What, Me Worry?

What, Me Worry?

As usual, Oswald Chamber’s words today, penned a century ago, spoke to me. “God is my Father. He loves me. I shall never think of anything He will forget. Why should I worry?”

I don’t think I’m consciously worrying about anything. There’s nothing exactly stressful in my life right now, but still, so many thoughts competed for my attention last night that sleep became a mere nap. Certainly jet lag from our recent trip played a part in that, and it is my first day back to work after a two-week vacation. But mostly my To-Do list consumed me. Nagging thoughts such as:

  • I can’t forget to take my notebook to work tomorrow. If I keep reciting, “Notebook, Notebook, Notebook,” as I drift off to sleep, it’ll be my first thought in the morning. (This brilliant idea boomeranged.)
  • As soon as I get home, I have to read through that stack of mail. Agh! And when will I ever find time to answer all those personal emails?
  • I have to vote Tuesday night. And I have a meeting Thursday night. And somehow, I have to figure out what to cook for Friday night. Yikes! How will I get the house clean by Friday?

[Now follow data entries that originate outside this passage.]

text \<open>id_k \<otimes> Lambda applied to a (k*n) x (k*n) matrix viewed as a k x k block matrix of n x n blocks.\<close>
definition ampl :: "nat \<Rightarrow> nat \<Rightarrow> nat \<Rightarrow> (complex mat \<Rightarrow> complex mat) \<Rightarrow> complex mat \<Rightarrow> complex mat" where
  "ampl k n m \<Lambda> X = mat (k*m) (k*m) (\<lambda>(r,c).
      \<Lambda> (mat n n (\<lambda>(i,j). X $$ ((r div m) * n + i, (c div m) * n + j))) $$ (r mod m, c mod m))"

definition compl_pos :: "nat \<Rightarrow> nat \<Rightarrow> (complex mat \<Rightarrow> complex mat) \<Rightarrow> bool" where
  "compl_pos n m \<Lambda> \<longleftrightarrow> (\<forall>k X. psd (k*n) X \<longrightarrow> psd (k*m) (ampl k n m \<Lambda> X))"

definition channel :: "nat \<Rightarrow> nat \<Rightarrow> (complex mat \<Rightarrow> complex mat) \<Rightarrow> bool" where
  "channel n m \<Lambda> \<longleftrightarrow> (\<forall>A\<in>carrier_mat n n. \<Lambda> A \<in> carrier_mat m m) \<and> lin_map n \<Lambda> \<and>
     compl_pos n m \<Lambda> \<and> (\<forall>A\<in>carrier_mat n n. mtr (\<Lambda> A) = mtr A)"

definition povm :: "nat \<Rightarrow> nat \<Rightarrow> (nat \<Rightarrow> complex mat) \<Rightarrow> bool" where
  "povm m N M \<longleftrightarrow> (\<forall>i<N. psd m (M i)) \<and>
     (\<forall>a<m. \<forall>b<m. (\<Sum>i<N. M i $$ (a,b)) = (1\<^sub>m m) $$ (a,b))"

definition ensemble :: "nat \<Rightarrow> nat \<Rightarrow> nat \<Rightarrow> (nat \<Rightarrow> real) \<Rightarrow> (nat \<Rightarrow> complex mat \<Rightarrow> complex mat) \<Rightarrow> bool" where
  "ensemble n m N p \<Lambda> \<longleftrightarrow> (\<forall>i<N. p i \<ge> 0) \<and> (\<Sum>i<N. p i) = 1 \<and> (\<forall>i<N. channel n m (\<Lambda> i))"

type_synonym task = "nat \<times> (nat \<Rightarrow> real) \<times> (nat \<Rightarrow> complex mat \<Rightarrow> complex mat) \<times> (nat \<Rightarrow> complex mat)"

definition tasks :: "nat \<Rightarrow> task set" where
  "tasks n = {(N, p, \<Lambda>, M). \<exists>m. ensemble n m N p \<Lambda> \<and> povm m N M}"

definition p_err :: "task \<Rightarrow> complex mat \<Rightarrow> real" where
  "p_err T \<omega> = (case T of (N, p, \<Lambda>, M) \<Rightarrow> (\<Sum>i<N. p i * Re (mtr (M i * \<Lambda> i \<omega>))))"

definition convex_mats :: "complex mat set \<Rightarrow> bool" where
  "convex_mats S \<longleftrightarrow> (\<forall>A\<in>S. \<forall>B\<in>S. \<forall>t::real. 0 \<le> t \<and> t \<le> 1 \<longrightarrow>
       complex_of_real t \<cdot>\<^sub>m A + complex_of_real (1 - t) \<cdot>\<^sub>m B \<in> S)"

text \<open>Closedness in the (norm) topology of n x n complex matrices, i.e. under entrywise limits.\<close>
definition closed_mats :: "nat \<Rightarrow> complex mat set \<Rightarrow> bool" where
  "closed_mats n S \<longleftrightarrow> S \<subseteq> carrier_mat n n \<and>
     (\<forall>X A. (\<forall>t. X t \<in> S) \<longrightarrow> A \<in> carrier_mat n n \<longrightarrow>
        (\<forall>i<n. \<forall>j<n. (\<lambda>t. X t $$ (i,j)) \<longlonglongrightarrow> A $$ (i,j)) \<longrightarrow> A \<in> S)"

definition WoR :: "nat \<Rightarrow> complex mat set \<Rightarrow> complex mat \<Rightarrow> real" where
  "WoR n F \<rho> = Inf {s::real. s \<ge> 0 \<and> (\<exists>\<sigma>\<in>F. \<exists>\<tau>. density n \<tau> \<and>
       \<rho> = complex_of_real s \<cdot>\<^sub>m \<tau> + complex_of_real (1 - s) \<cdot>\<^sub>m \<sigma>)}"

end

theory Submission
  imports Defs
begin

text \<open>If \<open>\<rho> = s \<tau> + (1 - s) \<sigma>\<close> with \<open>\<sigma> \<in> F\<^sub>k\<close>, linearity and positivity of \<open>p_err\<close> give
  \<open>p_err \<rho> \<ge> (1 - s) p_err \<sigma>\<close>, so every error ratio for \<open>F\<^sub>k\<close> is at least \<open>1 - s\<close>.
  Conversely, if all ratios for \<open>F\<^sub>k\<close> exceeded some \<open>t > 1 - WoR\<close>, then \<open>\<rho> - t \<sigma>\<close> could not be
  positive for any \<open>\<sigma> \<in> F\<^sub>k\<close> (it would split off weight \<open>t\<close> of \<open>\<sigma>\<close> from \<open>\<rho>\<close>).
  The nearest point of the closed convex set \<open>\<rho> - t F\<^sub>k - PSD\<close> to \<open>0\<close> then yields a positive
  observable \<open>Y\<close> with \<open>tr(Y \<rho>) < t tr(Y \<sigma>)\<close> uniformly on \<open>F\<^sub>k\<close>, and measuring the effect
  \<open>c Y\<close> has ratio below \<open>t\<close>. Hence the minimal ratio for \<open>F\<^sub>k\<close> is \<open>1 - WoR(F\<^sub>k)\<close>, and the
  supremum over \<open>k\<close> turns into the infimum of the weights, which is the weight for the union.\<close>

definition qform :: "nat \<Rightarrow> complex mat \<Rightarrow> (nat \<Rightarrow> complex) \<Rightarrow> complex" where
  "qform n B f = (\<Sum>i<n. \<Sum>j<n. cnj (f i) * B $$ (i,j) * f j)"

lemma qform_vec:
  assumes "B \<in> carrier_mat n n" "v \<in> carrier_vec n"
  shows "(\<Sum>i<n. cnj (v $ i) * (B *\<^sub>v v) $ i) = qform n B (\<lambda>i. v $ i)"
  unfolding qform_def using assms
  by (auto simp: scalar_prod_def sum_distrib_left mult.assoc lessThan_atLeast0 intro!: sum.cong)

lemma psd_iff_qform:
  "psd n B \<longleftrightarrow> B \<in> carrier_mat n n \<and> (\<forall>f. Im (qform n B f) = 0 \<and> Re (qform n B f) \<ge> 0)"
proof
  assume "psd n B"
  then have B: "B \<in> carrier_mat n n"
    and nonneg: "\<And>v. v \<in> carrier_vec n \<Longrightarrow> Im (\<Sum>i<n. cnj (v $ i) * (B *\<^sub>v v) $ i) = 0 \<and>
                         Re (\<Sum>i<n. cnj (v $ i) * (B *\<^sub>v v) $ i) \<ge> 0"
    unfolding psd_def by auto
  have "qform n B f = qform n B (\<lambda>i. vec n f $ i)" for f
    unfolding qform_def by (auto intro!: sum.cong)
  then show "B \<in> carrier_mat n n \<and> (\<forall>f. Im (qform n B f) = 0 \<and> Re (qform n B f) \<ge> 0)"
    using B nonneg[of "vec n _"] qform_vec[OF B] by (metis vec_carrier)
next
  assume "B \<in> carrier_mat n n \<and> (\<forall>f. Im (qform n B f) = 0 \<and> Re (qform n B f) \<ge> 0)"
  then show "psd n B"
    unfolding psd_def by (simp add: qform_vec)
qed

lemma psd_carrier: "psd n B \<Longrightarrow> B \<in> carrier_mat n n"
  unfolding psd_def by auto

lemma psd_qform: "psd n B \<Longrightarrow> Im (qform n B f) = 0 \<and> Re (qform n B f) \<ge> 0"
  unfolding psd_iff_qform by auto

lemma if_zero_simps:
  "x * (if P then y else 0) = (if P then x * y else (0::'a::mult_zero))"
  "(if P then y else 0) * x = (if P then y * x else (0::'a::mult_zero))"
  "cnj (if P then c else 0) = (if P then cnj c else 0)"
  by auto

lemma qform_single:
  assumes "i < n"
  shows "qform n B (\<lambda>a. if a = i then \<alpha> else 0) = cnj \<alpha> * \<alpha> * B $$ (i,i)"
  unfolding qform_def using assms by (simp add: if_zero_simps)

lemma qform_pair:
  assumes "i < n" "j < n" "i \<noteq> j"
  shows "qform n B (\<lambda>a. if a = i then \<alpha> else if a = j then \<beta> else 0) =
     cnj \<alpha> * \<alpha> * B $$ (i,i) + cnj \<alpha> * \<beta> * B $$ (i,j) + cnj \<beta> * \<alpha> * B $$ (j,i) + cnj \<beta> * \<beta> * B $$ (j,j)"
proof -
  have f: "(\<lambda>a. if a = i then \<alpha> else if a = j then \<beta> else 0) =
        (\<lambda>a. (if a = i then \<alpha> else 0) + (if a = j then \<beta> else 0))"
    using assms by auto
  show ?thesis
    unfolding f qform_def using assms by (simp add: distrib_left distrib_right sum.distrib if_zero_simps)
qed

lemma psd_diag:
  assumes "psd n B" "i < n"
  shows "Im (B $$ (i,i)) = 0" "Re (B $$ (i,i)) \<ge> 0"
  using psd_qform[OF assms(1), of "\<lambda>a. if a = i then 1 else 0"] qform_single[OF assms(2), of B 1] by auto

lemma psd_hermitian_entry:
  assumes "psd n B" "i < n" "j < n"
  shows "B $$ (j,i) = cnj (B $$ (i,j))"
proof (cases "i = j")
  case True
  then show ?thesis using psd_diag[OF assms(1,2)] by (simp add: complex_eq_iff)
next
  case False
  have "Im (B $$ (i,i)) = 0" "Im (B $$ (j,j)) = 0"
    using psd_diag assms by auto
  moreover have "Im (qform n B (\<lambda>a. if a = i then 1 else if a = j then 1 else 0)) = 0"
    "Im (qform n B (\<lambda>a. if a = i then 1 else if a = j then \<i> else 0)) = 0"
    using psd_qform[OF assms(1)] by blast+
  ultimately show ?thesis
    unfolding qform_pair[OF assms(2,3) False] by (simp add: complex_eq_iff)
qed

lemma cnj_mult_self: "cnj z * z = complex_of_real ((cmod z)^2)"
  by (metis complex_norm_square mult.commute of_real_power)

text \<open>The form evaluated at \<open>e\<^sub>i - s cnj(B\<^sub>i\<^sub>j) e\<^sub>j\<close>.\<close>

lemma psd_offdiag_quadratic:
  assumes "psd n B" "i < n" "j < n" "i \<noteq> j"
  shows "Re (B $$ (i,i)) - 2 * s * (cmod (B $$ (i,j)))^2 + s^2 * (cmod (B $$ (i,j)))^2 * Re (B $$ (j,j)) \<ge> 0"
proof -
  let ?b = "B $$ (i,j)"
  let ?f = "\<lambda>a. if a = i then 1 else if a = j then - of_real s * cnj ?b else 0"
  have "B $$ (j,i) = cnj ?b"
    using psd_hermitian_entry[OF assms(1,2,3)] .
  then have "qform n B ?f = B $$ (i,i) - 2 * of_real s * (cnj ?b * ?b) + of_real s * of_real s * (cnj ?b * ?b) * B $$ (j,j)"
    unfolding qform_pair[OF assms(2,3,4)] by (simp add: algebra_simps)
  moreover have "Im (B $$ (i,i)) = 0" "Im (B $$ (j,j)) = 0"
    using psd_diag assms by auto
  ultimately show ?thesis
    using psd_qform[OF assms(1), of ?f] by (simp add: cnj_mult_self power2_eq_square)
qed

lemma psd_zero_diag:
  assumes "psd n B" "i < n" "j < n" "B $$ (i,i) = 0"
  shows "B $$ (i,j) = 0" "B $$ (j,i) = 0"
proof -
  show "B $$ (i,j) = 0"
  proof (cases "i = j")
    case True
    then show ?thesis using assms by simp
  next
    case False
    let ?x = "(cmod (B $$ (i,j)))^2"
    define s where "s = 1 / (Re (B $$ (j,j)) + 1)"
    have "Re (B $$ (j,j)) \<ge> 0"
      using psd_diag assms by auto
    then have s: "s > 0" "s * Re (B $$ (j,j)) < 1"
      unfolding s_def by (auto simp: field_simps)
    have "- 2 * s * ?x + s^2 * ?x * Re (B $$ (j,j)) \<ge> 0"
      using psd_offdiag_quadratic[OF assms(1-3) False, of s] assms(4) by simp
    then have "s * ?x * (s * Re (B $$ (j,j)) - 2) \<ge> 0"
      by (simp add: algebra_simps power2_eq_square)
    with s have "s * ?x \<le> 0"
      by (auto simp: zero_le_mult_iff)
    with s show ?thesis
      by (simp add: mult_le_0_iff)
  qed
  then show "B $$ (j,i) = 0"
    using psd_hermitian_entry[OF assms(1,2,3)] by simp
qed

lemma psd_offdiag_le:
  assumes "psd n B" "i < n" "j < n"
  shows "cmod (B $$ (i,j)) \<le> (Re (B $$ (i,i)) + Re (B $$ (j,j))) / 2"
proof (cases "i = j \<or> B $$ (i,j) = 0")
  case True
  then show ?thesis
    using psd_diag[OF assms(1,2)] psd_diag(2)[OF assms(1,3)] by (auto simp: cmod_def)
next
  case False
  let ?c = "cmod (B $$ (i,j))"
  have "Re (B $$ (i,i)) - 2 * (1/?c) * ?c^2 + (1/?c)^2 * ?c^2 * Re (B $$ (j,j)) \<ge> 0"
    using False psd_offdiag_quadratic[OF assms] by blast
  then show ?thesis
    using False by (simp add: power2_eq_square field_simps)
qed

This morning, Oswald’s words on divine control were a balm to my overtired, frantic heart.

Why should I worry? Really, is there any rational reason for it? Isn’t worry actually just another way of saying that I don’t trust that God can do it? When I’m anxious, I stop believing that He can take care of me. Anxiety and trust can’t possibly co-exist.

God is my Father and he does love me. There’s no place for worry in my life.

This last week, as I watched our sweet granddaughter cry out, “Papi, I’m sinking!” and then saw her momentary fear melt away when her daddy put his strong arms out to catch her in her inflatable tube, I realized Lucy was modeling how I should respond in fearful situations. She didn’t hesitate for a moment in totally trusting her daddy. I want that childlike faith that says I believe Abba Father is enough.

There’s no way, with my finite mind, that I can think of something that the God of the Universe won’t remember, no matter how many times I recite it to myself.

No worries. Hakuna matata.

Better yet, dwell on the words of Phil. 4:6-7 and let them fill your mind today: “Be anxious for nothing, but in everything by prayer and supplication with thanksgiving let your requests be made known to God. And the peace of God, which surpasses all comprehension, will guard your hearts and your minds in Christ Jesus.”